Last summer I visited the Hiroshima Peace Museum, the Kyoto Museum for World Peace, and London's Imperial War Museum (where I saw the Holocaust exhibition). All three showed how easily doctors can become involved in abuses. The risk is that we remember the most grotesque cases—the collusion of the German medical profession with the Nazis, the active involvement of Japanese doctors in experiments on humans, and the Allies' inadequate care for the victims of the Hiroshima bomb—while failing to react in a timely way to new potential abuses.

Summary points

Political action to control migration to richer countries makes asylum seekers vulnerable

Doctors working with asylum seekers may find tension between professional values and the policies of their employers

Stronger guidelines are needed on human rights and ethical issues

The issue here is not how the Belgian authorities, IOM, or the Australian government deal with asylum seekers. It is about how doctors find themselves torn between the policies of their employers and their professional values, thus allowing projects to get into tight corners. We lack a strong system of standards and ethical guidelines for doctors dealing with migrants and especially with asylum seekers. There are several settings where this lack of directives makes doctors vulnerable:

  • Working in detention facilities for asylum seekers or in holding areas at airports for illegal migrants

  • Assessing the medical consequences of torture and more generally providing reports which can influence the destiny of migrants and their families

  • Treating seriously ill patients who face expulsion to countries with inadequate health facilities

  • Coping with the psychological disturbances of children of illegal migrants facing constant uncertainty about the future

  • Being directly involved in expulsion procedures.
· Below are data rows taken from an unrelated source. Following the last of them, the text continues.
(* For all finite sets of formulas $\Gamma,\Delta$: if the sequent $\Gamma\Rightarrow\Delta$ is provable in $\mathsf{CLp}$, then $\Gamma\Vdash\Delta$.
   Context: Fix a countably infinite set $\mathsf{At}$ of atoms. Formulas are built from atoms and the constant $\bot$ using the binary connectives $\land,\lor,\to$. All contexts are finite sets (not multisets) of formulas; a comma denotes union; a subscript $\mathsf{At}$ indicates a finite set of atoms. An atomic sequent has the form $\Gamma_{\mathsf{At}} \Rightarrow \Delta_{\mathsf{At}}$. An atomic rule has finitely many (possibly zero) atomic sequents as premises and one atomic sequent as conclusion; a rule with zero premises is an atomic axiom. A base is a (possibly empty) set of atomic rules; $\mathcal{C}\supseteq\mathcal{B}$ ($\mathcal{C}$ extends $\mathcal{B}$) if $\mathcal{C}$ contains every rule of $\mathcal{B}$. Derivability $\vdash_{\mathcal{B}}$ of atomic sequents is the least relation such that: (Axiom/Weakening) if an atomic axiom with conclusion $\Gamma_{\mathsf{At}}\Rightarrow\Delta_{\mathsf{At}}$ is in $\mathcal{B}$, then $\vdash_{\mathcal{B}} \Theta_{\mathsf{At}},\Gamma_{\mathsf{At}}\Rightarrow\Delta_{\mathsf{At}},\Sigma_{\mathsf{At}}$ for all sets of atoms $\Theta_{\mathsf{At}},\Sigma_{\mathsf{At}}$; (Mix) if a rule with premises $\Gamma^i_{\mathsf{At}}\Rightarrow\Delta^i_{\mathsf{At}}$ ($1\le i\le n$) and conclusion $\Gamma_{\mathsf{At}}\Rightarrow\Delta_{\mathsf{At}}$ is in $\mathcal{B}$ and $\vdash_{\mathcal{B}} \Theta^i_{\mathsf{At}},\Gamma^i_{\mathsf{At}}\Rightarrow\Delta^i_{\mathsf{At}},\Sigma^i_{\mathsf{At}}$ for each $i$, then $\vdash_{\mathcal{B}} \Theta^1_{\mathsf{At}},\dots,\Theta^n_{\mathsf{At}},\Gamma_{\mathsf{At}}\Rightarrow\Delta_{\mathsf{At}},\Sigma^1_{\mathsf{At}},\dots,\Sigma^n_{\mathsf{At}}$. Support $\Vdash_{\mathcal{B}}$: (At) $\Vdash_{\mathcal{B}}\Gamma_{\mathsf{At}}$ iff $\vdash_{\mathcal{B}}\ \Rightarrow\Gamma_{\mathsf{At}}$; ($\land$) $\Vdash_{\mathcal{B}} A\land B,\Gamma$ iff $\Vdash_{\mathcal{B}}A,\Gamma$ and $\Vdash_{\mathcal{B}}B,\Gamma$; ($\lor$) $\Vdash_{\mathcal{B}}A\lor B,\Gamma$ iff $\Vdash_{\mathcal{B}}A,B,\Gamma$; ($\to$) $\Vdash_{\mathcal{B}}A\to B,\Gamma$ iff $A\Vdash_{\mathcal{B}}B,\Gamma$; ($\bot$) $\Vdash_{\mathcal{B}}\bot,\Gamma$ iff $\Vdash_{\mathcal{B}}\Gamma$; (Inf) for $n\ge1$, $\{A^1,\dots,A^n\}\Vdash_{\mathcal{B}}\Delta$ iff for every $\mathcal{C}\supseteq\mathcal{B}$ and all sets of atoms $\Theta^1_{\mathsf{At}},\dots,\Theta^n_{\mathsf{At}}$, if $\Vdash_{\mathcal{C}}\Theta^i_{\mathsf{At}},A^i$ for all $i$ then $\Vdash_{\mathcal{C}}\Theta^1_{\mathsf{At}},\dots,\Theta^n_{\mathsf{At}},\Delta$ (and $\varnothing\Vdash_{\mathcal{B}}\Delta$ means $\Vdash_{\mathcal{B}}\Delta$). The atomic identity rule $\mathsf{Ainit}$ is the atomic axiom $\Gamma_{\mathsf{At}},p\Rightarrow p,\Delta_{\mathsf{At}}$; the atomic cut rule $\mathsf{Acut}$ has premises $\Gamma^1_{\mathsf{At}}\Rightarrow\Delta^1_{\mathsf{At}},p$ and $p,\Gamma^2_{\mathsf{At}}\Rightarrow\Delta^2_{\mathsf{At}}$ and conclusion $\Gamma^1_{\mathsf{At}},\Gamma^2_{\mathsf{At}}\Rightarrow\Delta^1_{\mathsf{At}},\Delta^2_{\mathsf{At}}$. $\mathcal{ST}$ is the base consisting of all instances of $\mathsf{Ainit}$ and $\mathsf{Acut}$ (all atoms $p$, all sets of atoms). Validity: $\Gamma\Vdash\Delta$ iff $\Gamma\Vdash_{\mathcal{B}}\Delta$ for every base $\mathcal{B}\supseteq\mathcal{ST}$. $\mathsf{CLp}$ is the sequent calculus on sequents $\Gamma\Rightarrow\Delta$ (finite sets of formulas) with rules: $\mathsf{init}$: $\Gamma,A\Rightarrow A,\Delta$; $L\bot$: $\Gamma,\bot\Rightarrow\Delta$; $R\bot$: from $\Gamma\Rightarrow\Delta$ infer $\Gamma\Rightarrow\bot,\Delta$; $L\land$: from $A,B,\Gamma\Rightarrow\Delta$ infer $A\land B,\Gamma\Rightarrow\Delta$; $R\land$: from $\Gamma\Rightarrow\Delta,A$ and $\Gamma'\Rightarrow\Delta',B$ infer $\Gamma,\Gamma'\Rightarrow\Delta,\Delta',A\land B$; $L\lor$: from $A,\Gamma\Rightarrow\Delta$ and $B,\Gamma'\Rightarrow\Delta'$ infer $A\lor B,\Gamma,\Gamma'\Rightarrow\Delta,\Delta'$; $R\lor$: from $\Gamma\Rightarrow\Delta,A,B$ infer $\Gamma\Rightarrow\Delta,A\lor B$; $L\to$: from $\Gamma\Rightarrow\Delta,A$ and $B,\Gamma'\Rightarrow\Delta'$ infer $A\to B,\Gamma,\Gamma'\Rightarrow\Delta,\Delta'$; $R\to$: from $A,\Gamma\Rightarrow\Delta,B$ infer $\Gamma\Rightarrow\Delta,A\to B$. *)

theory Defs
  imports Main
begin
lemma mean_field_map_ratio_less:
  assumes "a > 0" "B > 0" "0 < z1" "z1 < z2"
  shows "z1 * mean_field_map M W a B z2 < z2 * mean_field_map M W a B z1"
proof -
  have pointwise_le: "z1 * (tanh (a * W x * z2 + B) * (a * W x)) \<le> z2 * (tanh (a * W x * z1 + B) * (a * W x))"
    if "W x \<ge> 0" for x
    using mult_right_mono[OF less_imp_le[OF tanh_affine_ratio_less[of "a * W x" B z1 z2]], of "a * W x"]
      assms that by (simp add: mult_ac)
  have pointwise_less: "z1 * (tanh (a * W x * z2 + B) * (a * W x)) < z2 * (tanh (a * W x * z1 + B) * (a * W x))"
    if "W x > 0" for x
    using mult_strict_right_mono[OF tanh_affine_ratio_less[of "a * W x" B z1 z2], of "a * W x"]
      assms that by (simp add: mult_ac)
  have "(\<integral>x. z1 * (tanh (a * W x * z2 + B) * (a * W x)) \<partial>M)
      < (\<integral>x. z2 * (tanh (a * W x * z1 + B) * (a * W x)) \<partial>M)"
  proof (rule integral_less_AE[OF _ _ emeasure_W_pos_ne_0])
    show "AE x in M. x \<in> {x\<in>space M. W x > 0} \<longrightarrow>
        z1 * (tanh (a * W x * z2 + B) * (a * W x)) \<noteq> z2 * (tanh (a * W x * z1 + B) * (a * W x))"
      using pointwise_less by (intro AE_I2) (metis less_irrefl mem_Collect_eq)
    show "AE x in M. z1 * (tanh (a * W x * z2 + B) * (a * W x)) \<le> z2 * (tanh (a * W x * z1 + B) * (a * W x))"
      using W_nonneg by eventually_elim (rule pointwise_le)
  qed (auto intro: integrable_mean_field_integrand)
  then show ?thesis unfolding mean_field_map_def by simp
qed

lemma mean_field_map_le: assumes "a \<ge> 0" shows "mean_field_map M W a B z \<le> a * EW M W"
proof -
  have "mean_field_map M W a B z \<le> (\<integral>x. a * W x \<partial>M)"
    unfolding mean_field_map_def
  proof (rule integral_mono_AE[OF integrable_mean_field_integrand])
    show "integrable M (\<lambda>x. a * W x)" using integrable_W by simp
    show "AE x in M. tanh (a * W x * z + B) * (a * W x) \<le> a * W x"
      using W_nonneg
    proof eventually_elim
      case (elim x)
      then show ?case
        using mult_right_mono[OF less_imp_le[OF tanh_real_lt_1], of "a * W x"] assms by simp
    qed
  qed
  then show ?thesis using integrable_W by (simp add: EW_def)
qed

lemma mean_field_map_at_0: "mean_field_map M W a B 0 = tanh B * a * EW M W"
  unfolding mean_field_map_def EW_def using integrable_W by simp

lemma mean_field_map_lipschitz:
  assumes "a \<ge> 0"
  shows "mean_field_map M W a B z - mean_field_map M W a B z' \<le> a\<^sup>2 * (\<integral>x. (W x)\<^sup>2 \<partial>M) * \<bar>z - z'\<bar>"
proof -
  have "mean_field_map M W a B z - mean_field_map M W a B z'
      = (\<integral>x. (tanh (a * W x * z + B) - tanh (a * W x * z' + B)) * (a * W x) \<partial>M)"
    unfolding mean_field_map_def using integrable_mean_field_integrand by (simp add: left_diff_distrib)
  also have "\<dots> \<le> (\<integral>x. (a\<^sup>2 * \<bar>z - z'\<bar>) * (W x)\<^sup>2 \<partial>M)"
  proof (rule integral_mono_AE)
    show "integrable M (\<lambda>x. (tanh (a * W x * z + B) - tanh (a * W x * z' + B)) * (a * W x))"
      using integrable_mean_field_integrand by (simp add: left_diff_distrib)
    show "integrable M (\<lambda>x. (a\<^sup>2 * \<bar>z - z'\<bar>) * (W x)\<^sup>2)" using integrable_W_sq by simp
    show "AE x in M. (tanh (a * W x * z + B) - tanh (a * W x * z' + B)) * (a * W x)
        \<le> (a\<^sup>2 * \<bar>z - z'\<bar>) * (W x)\<^sup>2"
      using W_nonneg
    proof eventually_elim
      case (elim x)
      have "\<bar>tanh (a * W x * z + B) - tanh (a * W x * z' + B)\<bar>
          \<le> \<bar>(a * W x * z + B) - (a * W x * z' + B)\<bar>"
        by (rule abs_tanh_diff_le)
      also have "\<dots> = a * W x * \<bar>z - z'\<bar>"
        using elim assms by (simp add: abs_mult right_diff_distrib[symmetric])
      finally have "tanh (a * W x * z + B) - tanh (a * W x * z' + B) \<le> a * W x * \<bar>z - z'\<bar>"
        by linarith
      then have "(tanh (a * W x * z + B) - tanh (a * W x * z' + B)) * (a * W x)
          \<le> a * W x * \<bar>z - z'\<bar> * (a * W x)"
        using elim assms by (intro mult_right_mono) auto
      then show ?case by (simp add: power2_eq_square algebra_simps)
    qed
  qed
  also have "\<dots> = a\<^sup>2 * (\<integral>x. (W x)\<^sup>2 \<partial>M) * \<bar>z - z'\<bar>" by simp
  finally show ?thesis .
qed

lemma continuous_on_mean_field_map:
  assumes "a \<ge> 0" shows "continuous_on S (mean_field_map M W a B)"
proof (rule lipschitz_on_continuous_on[OF lipschitz_onI])
  fix z z'
  show "dist (mean_field_map M W a B z) (mean_field_map M W a B z')
      \<le> a\<^sup>2 * (\<integral>x. (W x)\<^sup>2 \<partial>M) * dist z z'"
    using mean_field_map_lipschitz[OF assms, of B z z'] mean_field_map_lipschitz[OF assms, of B z' z]
    by (auto simp: dist_real_def abs_minus_commute)
qed simp

lemma ex1_pos_fixpoint:
  assumes "a > 0" "B > 0"
  shows "\<exists>!z. z > 0 \<and> z = mean_field_map M W a B z"
proof -
  define G where "G z = mean_field_map M W a B z - z" for z
  have "continuous_on {0 .. a * EW M W + 1} G"
    unfolding G_def using continuous_on_mean_field_map assms by (intro continuous_intros) auto
  moreover have G0: "G 0 > 0" unfolding G_def mean_field_map_at_0 using assms EW_pos by simp
  moreover have "G (a * EW M W + 1) < 0"
    unfolding G_def using mean_field_map_le[of a B "a * EW M W + 1"] assms by linarith
  ultimately obtain z where "0 \<le> z" "G z = 0"
    using IVT2'[of G "a * EW M W + 1" 0 0] assms EW_pos by fastforce
  then have fix_z: "z > 0 \<and> z = mean_field_map M W a B z"
    using G0 by (cases "z = 0") (auto simp: G_def)
  have "y = z" if fix_y: "y > 0 \<and> y = mean_field_map M W a B y" for y
  proof (rule ccontr)
    assume "y \<noteq> z"
    then consider "y < z" | "z < y" by linarith
    then show False
    proof cases
      case 1
      then show False using mean_field_map_ratio_less[OF assms, of y z] fix_y fix_z by simp
    next
      case 2
      then show False using mean_field_map_ratio_less[OF assms, of z y] fix_y fix_z
        by (simp add: mult.commute)
    qed
  qed
  with fix_z show ?thesis by blast
qed

lemma mean_field_map_mono_field:
  assumes "a \<ge> 0" "B1 \<le> B2" shows "mean_field_map M W a B1 z \<le> mean_field_map M W a B2 z"
  unfolding mean_field_map_def
proof (rule integral_mono_AE[OF integrable_mean_field_integrand integrable_mean_field_integrand])
  show "AE x in M. tanh (a * W x * z + B1) * (a * W x) \<le> tanh (a * W x * z + B2) * (a * W x)"
    using W_nonneg by eventually_elim (use assms in \<open>auto intro!: mult_right_mono\<close>)
qed

lemma pos_fixpoint_mono_field:
  assumes "a > 0" "0 < B1" "B1 \<le> B2"
    and "z1 > 0" "z1 = mean_field_map M W a B1 z1"
    and "z2 > 0" "z2 = mean_field_map M W a B2 z2"
  shows "z1 \<le> z2"
proof (rule ccontr)
  assume "\<not> z1 \<le> z2"
  then have "z2 * mean_field_map M W a B2 z1 < z1 * z2"
    using mean_field_map_ratio_less[of a B2 z2 z1] assms by simp
  moreover have "z2 * z1 \<le> z2 * mean_field_map M W a B2 z1"
    using mean_field_map_mono_field[of a B1 B2 z1] assms by simp
  ultimately show False by (simp add: mult.commute)
qed

lemma integrable_gap_integrand: "integrable M (\<lambda>x. a * W x * (a * W x * \<epsilon> - tanh (a * W x * \<epsilon>)))"
proof -
  have "integrable M (\<lambda>x. (a\<^sup>2 * \<epsilon>) * (W x)\<^sup>2 - tanh (a * W x * \<epsilon> + 0) * (a * W x))"
    using integrable_W_sq integrable_mean_field_integrand[of a \<epsilon> 0]
    by (intro Bochner_Integration.integrable_diff) auto
  then show ?thesis by (simp add: power2_eq_square algebra_simps)
qed

lemma tanh_gap_pos: assumes "a > 0" "\<epsilon> > 0" shows "tanh_gap M W a \<epsilon> > 0"
proof -
  have "(\<integral>x. 0 \<partial>M) < tanh_gap M W a \<epsilon>" unfolding tanh_gap_def
  proof (rule integral_less_AE[OF _ integrable_gap_integrand emeasure_W_pos_ne_0])
    show "AE x in M. x \<in> {x \<in> space M. 0 < W x} \<longrightarrow> 0 \<noteq> a * W x * (a * W x * \<epsilon> - tanh (a * W x * \<epsilon>))"
    proof (intro AE_I2 impI)
      fix x assume "x \<in> {x \<in> space M. 0 < W x}"
      then have "tanh (a * W x * \<epsilon>) < a * W x * \<epsilon>" using assms by (intro tanh_less_self) simp
      moreover have "0 < a * W x" using \<open>x \<in> _\<close> assms by simp
      ultimately show "0 \<noteq> a * W x * (a * W x * \<epsilon> - tanh (a * W x * \<epsilon>))" by force
    qed
    show "AE x in M. 0 \<le> a * W x * (a * W x * \<epsilon> - tanh (a * W x * \<epsilon>))"
      using W_nonneg by eventually_elim (use assms tanh_le_self in auto)
  qed auto
  then show ?thesis by simp
qed

lemma fixpoint_gap_le:
  assumes "0 \<le> a\<^sub>c" "a\<^sub>c \<le> a" "0 \<le> \<epsilon>" "\<epsilon> \<le> z" "0 \<le> B" "z = mean_field_map M W a B z"
  shows "tanh_gap M W a\<^sub>c \<epsilon> \<le> (a\<^sup>2 * (\<integral>x. (W x)\<^sup>2 \<partial>M) - 1) * z + B * a * EW M W"
proof -
  let ?gap = "\<lambda>x. a\<^sub>c * W x * (a\<^sub>c * W x * \<epsilon> - tanh (a\<^sub>c * W x * \<epsilon>))"
  have "z \<le> (\<integral>x. (a\<^sup>2 * z) * (W x)\<^sup>2 + (a * B) * W x - ?gap x \<partial>M)"
    unfolding assms(6)[THEN arg_cong[where f="\<lambda>z. z \<le> _"]] mean_field_map_def
  proof (rule integral_mono_AE[OF integrable_mean_field_integrand])
    show "integrable M (\<lambda>x. (a\<^sup>2 * z) * (W x)\<^sup>2 + (a * B) * W x - ?gap x)"
      using integrable_W_sq integrable_W integrable_gap_integrand by auto
    show "AE x in M. tanh (a * W x * z + B) * (a * W x) \<le> (a\<^sup>2 * z) * (W x)\<^sup>2 + (a * B) * W x - ?gap x"
      using W_nonneg
    proof eventually_elim
      case (elim x)
      have aW: "0 \<le> a\<^sub>c * W x" "a\<^sub>c * W x \<le> a * W x" "a\<^sub>c * W x * \<epsilon> \<le> a * W x * z"
        using elim assms by (auto intro!: mult_mono mult_right_mono)
      have "tanh (a * W x * z + B) \<le> tanh (a * W x * z) + B"
        using x_minus_tanh_mono[of "a * W x * z" "a * W x * z + B"] assms by simp
      then have "tanh (a * W x * z + B) * (a * W x)
          \<le> (a * W x * z + B - (a * W x * z - tanh (a * W x * z))) * (a * W x)"
        using aW by (intro mult_right_mono) auto
      moreover have "?gap x \<le> a * W x * (a * W x * z - tanh (a * W x * z))"
        using aW x_minus_tanh_mono[OF aW(3)] tanh_le_self[of "a\<^sub>c * W x * \<epsilon>"] assms elim
        by (intro mult_mono) auto
      ultimately show ?case by (simp add: power2_eq_square algebra_simps)
    qed
  qed
  also have "\<dots> = a\<^sup>2 * z * (\<integral>x. (W x)\<^sup>2 \<partial>M) + a * B * EW M W - tanh_gap M W a\<^sub>c \<epsilon>"
    using integrable_W_sq integrable_W integrable_gap_integrand by (simp add: EW_def tanh_gap_def)
  finally show ?thesis by (simp add: algebra_simps)
qed

lemma betac_pos: "betac M W > 0"
  unfolding betac_def nu_def using second_moment_pos EW_pos by simp

lemma alpha_pos: "\<beta> > 0 \<Longrightarrow> alpha M W \<beta> > 0"
  unfolding alpha_def using EW_pos by simp

lemma alpha_mono: "\<beta> \<le> \<beta>' \<Longrightarrow> alpha M W \<beta> \<le> alpha M W \<beta>'"
  unfolding alpha_def using EW_pos by (simp add: divide_right_mono)

lemma tendsto_alpha [tendsto_intros]:
  "(f \<longlongrightarrow> \<beta>) F \<Longrightarrow> ((\<lambda>x. alpha M W (f x)) \<longlongrightarrow> alpha M W \<beta>) F"
  unfolding alpha_def using EW_pos by (intro tendsto_intros) auto

lemma alpha_betac_sq: "(alpha M W (betac M W))\<^sup>2 * (\<integral>x. (W x)\<^sup>2 \<partial>M) = 1"
proof -
  have "(alpha M W (betac M W))\<^sup>2 = sinh (betac M W) / EW M W"
    unfolding alpha_def using betac_pos EW_pos by simp
  also have "sinh (betac M W) = EW M W / (\<integral>x. (W x)\<^sup>2 \<partial>M)" by (simp add: betac_def nu_def)
  finally show ?thesis using EW_pos second_moment_pos by simp
qed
The rhetoric about human rights and humanitarian law at the level of international organisations, congresses, and medical journals does little to help such doctors. Perhaps the discourse about health and human rights and humanitarian action should concentrate more on failures in enforcement and a patchy setting of standards. In the past 12 years, I have learnt how medicine can be betrayed in many ways and how we need to be especially vigilant when cloaked in a humanitarian mantle.

Footnotes

  • Competing interests DH-P worked for the International Organisation of Migration from 1995 to 2003.